Employee awarded $1.59 million in wrongful termination case

A national oil and gas company was ordered to pay over $1.5 million in compensation after it was ruled that its Board of Directors had wrongfully terminated an executive’s contract.

Central Petroleum was forced to compensate a former employee after being found to have failed to comply with the employment agreement.

The row began between Central Petroleum and the employee, Heugh, after Heugh’s duty of negotiating farmout agreements was assigned to another employee, Shortt. 
Shortly after, Heugh sent Shortt two letters questioning Shortt’s professional capabilities and pressuring Shortt to reject the Central Petroleum Board’s proposal that he take on the additional responsibilities.

Consequently, the Board wrote to Heugh to notify him that his attempts to intervene with their decision placed unacceptable pressure on his colleague, and thus he had breached both his employment contract and Central Petroleum’s Code of Conduct.

The Board offered Heugh the opportunity to rectify his breaches within 14 days, providing Heugh with instructions as to how he should do so. Heugh complied with Central Petroleum’s requests; however, he failed to comply with their proposed form of apology to Shortt.

A month later the Board sought Heugh’s voluntary resignation, which he refused to provide, leading Central Petroleum to terminate his employment on the grounds that he had failed to remedy his breach. Heugh’s contract stated that if it was a reasonable response to misconduct, the company could terminate his employment.

In the trial, the Board claimed that Heugh’s failure to accept their suggested method of apology to Shortt was a sufficient reason to terminate his employment. Heugh claimed that he had in fact remedied the breaches which were alleged to be the reasons for his termination.

Justice Le Miere ruled that Heugh had complied with the demand that he should rectify his misconduct. The judge also ruled that the apology suggested by the Board was ‘grovelling’, stating that it was unreasonable to expect Heugh to demean himself.

The judge found Central to have unfairly dismissed Heugh, granting him $1.59m in compensation from Central Petroleum.

“This is a good example as to why employers should take care when drafting their senior executive contracts and ensure that when they terminate – they do so strictly in accordance with the termination provisions of the contract,” said Athena Koelmeyer, managing director of Workplace Law. “Sometimes employers fall into the habit of rolling out the same old contract they have had sitting around for every new employee without considering whether the form is out of date, whether it contains essential terms for the employment relationship or whether it actually says what they need it to say about the role.” 

The consequences of the case emphasise the importance of precision in executive contracts. Employers should be vigilant in contractual wording; contractual definitions of ‘gross’ or ‘serious’ misconduct may vary from common law definitions.

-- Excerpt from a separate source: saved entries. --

lemma H_eq_s_alpha_if_ne_1:
  assumes "\<alpha> \<noteq> 1" "x \<in> {0..1}"
  shows "H x = G 1 1 * (\<alpha> - 1) / (2 powr \<alpha> - 2) * s_alpha \<alpha> x"
proof (cases "x = 0 \<or> x = 1")
  case True
  then show ?thesis using alpha_pos H_0 H_1 by (auto simp: s_alpha_def)
next
  case False
  then have x: "0 < x" "x < 1" using assms by auto
  have two_powr: "2 powr \<alpha> \<noteq> 2"
    using assms(1) powr_inj[of 2 \<alpha> 1] by auto
  have diag: "G w w = w powr \<alpha> * G 1 1" if "0 < w" for w
    using homog_ext_scale[of w 1 1] that by simp
  have "G (2 * (1 - x)) (2 * x) = 2 powr \<alpha> * H x"
    using homog_ext_scale[of 2 "1 - x" x] x by (simp add: homog_ext_simplex)
  then have "2 powr \<alpha> * H x + (1 - x) powr \<alpha> * G 1 1 + x powr \<alpha> * G 1 1 = 2 * H x + G 1 1"
    using G_double[of "1 - x" x] diag[of "1 - x"] diag[of x] x by (simp add: homog_ext_simplex)
  then have "(2 powr \<alpha> - 2) * H x = G 1 1 * (1 - x powr \<alpha> - (1 - x) powr \<alpha>)"
    by (simp add: algebra_simps)
  then have "H x = G 1 1 * (1 - x powr \<alpha> - (1 - x) powr \<alpha>) / (2 powr \<alpha> - 2)"
    using two_powr by (simp add: eq_divide_eq mult.commute)
  also have "\<dots> = G 1 1 * (\<alpha> - 1) / (2 powr \<alpha> - 2) * s_alpha \<alpha> x"
  proof -
    have "1 - \<alpha> \<noteq> 0" using assms(1) by simp
    then have "1 - x powr \<alpha> - (1 - x) powr \<alpha> = (\<alpha> - 1) * s_alpha \<alpha> x"
      by (simp add: s_alpha_def field_simps)
    then show ?thesis by simp
  qed
  finally show ?thesis .
qed

lemma H_eq_s_alpha_if_eq_1:
  assumes "\<alpha> = 1"
  obtains c where "\<And>x. x \<in> {0..1} \<Longrightarrow> H x = c * s_alpha \<alpha> x"
proof -
  obtain \<phi> where "\<And>u v. 1 \<le> u \<Longrightarrow> 1 \<le> v \<Longrightarrow> G u v = \<phi> (u + v) - \<phi> u - \<phi> v"
    and "\<And>X. \<exists>M. \<forall>x\<in>{1..X}. \<bar>\<phi> x\<bar> \<le> M"
    using G_coboundary by metis
  moreover have "G (t * u) (t * v) = t * G u v" if "1 \<le> t" "1 \<le> u" "1 \<le> v" for t u v
    using homog_ext_scale[of t u v] that assms by simp
  ultimately obtain c where
    c: "\<And>u v. 1 \<le> u \<Longrightarrow> 1 \<le> v \<Longrightarrow> G u v = c * ((u + v) * ln (u + v) - u * ln u - v * ln v)"
    using homogeneous_coboundary_eq_entropy by metis
  have "H x = c * s_alpha \<alpha> x" if "x \<in> {0..1}" for x
  proof (cases "x = 0 \<or> x = 1")
    case True
    then show ?thesis using assms H_0 H_1 by (auto simp: s_alpha_def xlogx_def)
  next
    case False
    then have x: "0 < x" "x < 1" using that by auto
    define t where "t = 1 / (x * (1 - x))"
    have t: "0 < t" "t * (1 - x) = 1 / x" "t * x = 1 / (1 - x)" "1 / x + 1 / (1 - x) = t"
      using x by (auto simp: t_def field_simps)
    have ln_t: "ln t = - ln x - ln (1 - x)"
      using x by (simp add: t_def ln_div ln_mult)
    have "t * H x = G (1 / x) (1 / (1 - x))"
      using homog_ext_scale[of t "1 - x" x] t x assms by (simp add: homog_ext_simplex)
    also have "\<dots> = c * (t * ln t - 1 / x * ln (1 / x) - 1 / (1 - x) * ln (1 / (1 - x)))"
      using c[of "1 / x" "1 / (1 - x)"] x by (simp add: t(4))
    also have "\<dots> = t * (c * (- (x * ln x) - (1 - x) * ln (1 - x)))"
    proof -
      have "ln (1 / x) = - ln x" "ln (1 / (1 - x)) = - ln (1 - x)" using x by (simp_all add: ln_div)
      then show ?thesis unfolding ln_t t(2,3)[symmetric] by (simp add: algebra_simps)
    qed
    finally show ?thesis using x t(1) assms by (simp add: s_alpha_def xlogx_def)
  qed
  then show ?thesis using that by blast
qed

lemma H_eq_s_alpha:
  obtains c where "\<And>x. x \<in> {0..1} \<Longrightarrow> H x = c * s_alpha \<alpha> x"
  using H_eq_s_alpha_if_ne_1 H_eq_s_alpha_if_eq_1 by metis

end

section \<open>The two-function equation\<close>

lemma tsallis_cocycle_if_reflected_equation:
  assumes "0 < \<alpha>" "H \<in> borel_measurable borel" "H 0 = 0" "H 1 = 0"
    and reflect: "\<And>p. p \<in> {0..1} \<Longrightarrow> H' p = H (1 - p)"
    and equation: "\<And>p0 p1 p2. 0 \<le> p0 \<Longrightarrow> 0 \<le> p1 \<Longrightarrow> 0 \<le> p2 \<Longrightarrow> p0 + p1 + p2 = 1 \<Longrightarrow>
      homog_ext \<alpha> H p0 p1 - H p1 = homog_ext \<alpha> H' p0 p2 - H' p2"
  shows "tsallis_cocycle \<alpha> H"
proof
  fix u v w :: real
  assume uvw: "0 \<le> u" "0 \<le> v" "0 \<le> w" "u + v + w = 1"
  have "homog_ext \<alpha> H v w - H w = homog_ext \<alpha> H' v u - H' u"
    using uvw by (intro equation) auto
  moreover have "homog_ext \<alpha> H' v u = homog_ext \<alpha> H u v"
    using uvw by (intro homog_ext_reflect reflect) auto
  moreover have "H' u = homog_ext \<alpha> H u (v + w)"
  proof -
    have e: "1 - u = v + w" using uvw by simp
    show ?thesis using uvw reflect[of u] by (simp add: homog_ext_simplex add.assoc e)
  qed
  moreover have "H w = homog_ext \<alpha> H (u + v) w" using uvw by (simp add: homog_ext_simplex)
  ultimately show "homog_ext \<alpha> H u v + homog_ext \<alpha> H (u + v) w
      = homog_ext \<alpha> H u (v + w) + homog_ext \<alpha> H v w" by linarith
qed (use assms in auto)

lemma s_alpha_reflect: "s_alpha \<alpha> (1 - p) = s_alpha \<alpha> p"
  by (simp add: s_alpha_def algebra_simps)

lemma simplex1_eq_image: "simplex1 = (\<lambda>p. (1 - p, p)) ` {0..1}"
  by (force simp: simplex1_def image_iff)

definition simplex1_param :: "(real \<times> real \<Rightarrow> real) \<Rightarrow> real \<Rightarrow> real" where
  "simplex1_param f p = (if p \<in> {0..1} then f (1 - p, p) else 0)"

lemma borel_measurable_simplex1_param:
  assumes "f \<in> borel_measurable (restrict_space borel simplex1)"
  shows "simplex1_param f \<in> borel_measurable borel"
proof -
  have "(\<lambda>p::real. (1 - p, p)) \<in> measurable (restrict_space borel {0..1}) (restrict_space borel simplex1)"
    by (rule measurable_restrict_space3) (auto simp: simplex1_def)
  then have "(\<lambda>p. f (1 - p, p)) \<in> borel_measurable (restrict_space borel {0..1})"
    using assms by (rule measurable_compose)
  then have "(\<lambda>p. indicator {0..1} p * f (1 - p, p)) \<in> borel_measurable borel"
    by (subst (asm) borel_measurable_restrict_space_iff) auto
  moreover have "simplex1_param f = (\<lambda>p. indicator {0..1} p * f (1 - p, p))"
    by (auto simp: simplex1_param_def fun_eq_iff)
  ultimately show ?thesis by simp
qed

lemma scaled_term_eq_homog_ext:
  assumes "0 \<le> x" "0 \<le> y" "x + y + q = 1"
  shows "scaled_term \<alpha> f q x y = homog_ext \<alpha> (simplex1_param f) x y"
proof (cases "q = 1")
  case True
  then show ?thesis using assms by (simp add: scaled_term_def homog_ext_def)
next
  case False
  then have xy: "x + y = 1 - q" and "0 < 1 - q" using assms by auto
  moreover have "y / (1 - q) \<le> 1" "1 - y / (1 - q) = x / (1 - q)"
    using calculation assms by (auto simp: field_simps)
  ultimately show ?thesis
    using False assms unfolding scaled_term_def homog_ext_def simplex1_param_def xy by simp
qed

lemma simplex1_param_equation:
  assumes "\<forall>(p0, p1, p2) \<in> simplex2.
      scaled_term \<alpha> f1 p2 p0 p1 - f1 (1 - p1, p1) = scaled_term \<alpha> f2 p1 p0 p2 - f2 (1 - p2, p2)"
    and "0 \<le> p0" "0 \<le> p1" "0 \<le> p2" "p0 + p1 + p2 = 1"
  shows "homog_ext \<alpha> (simplex1_param f1) p0 p1 - simplex1_param f1 p1
       = homog_ext \<alpha> (simplex1_param f2) p0 p2 - simplex1_param f2 p2"
proof -
  have "(p0, p1, p2) \<in> simplex2" using assms(2-) by (auto simp: simplex2_def)
  then show ?thesis
    using assms scaled_term_eq_homog_ext[of p0 p1 p2 \<alpha> f1] scaled_term_eq_homog_ext[of p0 p2 p1 \<alpha> f2]
    by (auto simp: simplex1_param_def)
qed

theorem proposition4p10:
  fixes \<alpha> :: real and f1 f2 :: "real \<times> real \<Rightarrow> real"
  assumes "\<alpha> > 0"
    and "f1 \<in> borel_measurable (restrict_space borel simplex1)"
    and "f2 \<in> borel_measurable (restrict_space borel simplex1)"
    and "f1 (0, 1) = 0" and "f1 (1, 0) = 0"
    and "f2 (0, 1) = 0" and "f2 (1, 0) = 0"
    and "\<forall>(p0, p1, p2) \<in> simplex2.
           scaled_term \<alpha> f1 p2 p0 p1 - f1 (1 - p1, p1)
         = scaled_term \<alpha> f2 p1 p0 p2 - f2 (1 - p2, p2)"
  shows "(\<forall>x \<in> simplex1. f1 x = f2 x) \<and>
         (\<exists>c::real. \<forall>p \<in> {0..1}. f1 (p, 1 - p) = c * s_alpha \<alpha> p)"
proof -
  define H1 H2 where "H1 = simplex1_param f1" and "H2 = simplex1_param f2"
  note equation = simplex1_param_equation[OF assms(8), folded H1_def H2_def]
  have reflect: "H2 p = H1 (1 - p)" if "p \<in> {0..1}" for p
    using equation[of 0 "1 - p" p] that assms(4,6)
    by (simp add: homog_ext_left_0 H1_def H2_def simplex1_param_def)
  interpret tsallis_cocycle \<alpha> H1
    using borel_measurable_simplex1_param[OF assms(2)] assms(4,5)
    by (intro tsallis_cocycle_if_reflected_equation[OF assms(1) _ _ _ reflect equation])
       (auto simp: H1_def simplex1_param_def)
  obtain c where c: "\<And>p. p \<in> {0..1} \<Longrightarrow> H1 p = c * s_alpha \<alpha> p"
    using H_eq_s_alpha by metis
  have f1_eq: "f1 (1 - p, p) = c * s_alpha \<alpha> p" and f2_eq: "f2 (1 - p, p) = c * s_alpha \<alpha> p"
    if "p \<in> {0..1}" for p
    using that c[of p] c[of "1 - p"] reflect[of p]
    by (simp_all add: H1_def H2_def simplex1_param_def s_alpha_reflect)
  show ?thesis
    using f1_eq f2_eq f1_eq[of "1 - p" for p] by (auto simp: simplex1_eq_image s_alpha_reflect)
qed

end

“If employers do find that they have a contract like Heugh’s that possibly doesn’t give them the wide range of termination options they are looking for, it would be appropriate to obtain some legal advice about how to best terminate the contract based on the clauses you have,” Koelmeyer told HC. “As the Court pointed out in this case, there were options there for the Company, but they simply didn’t pursue them correctly.”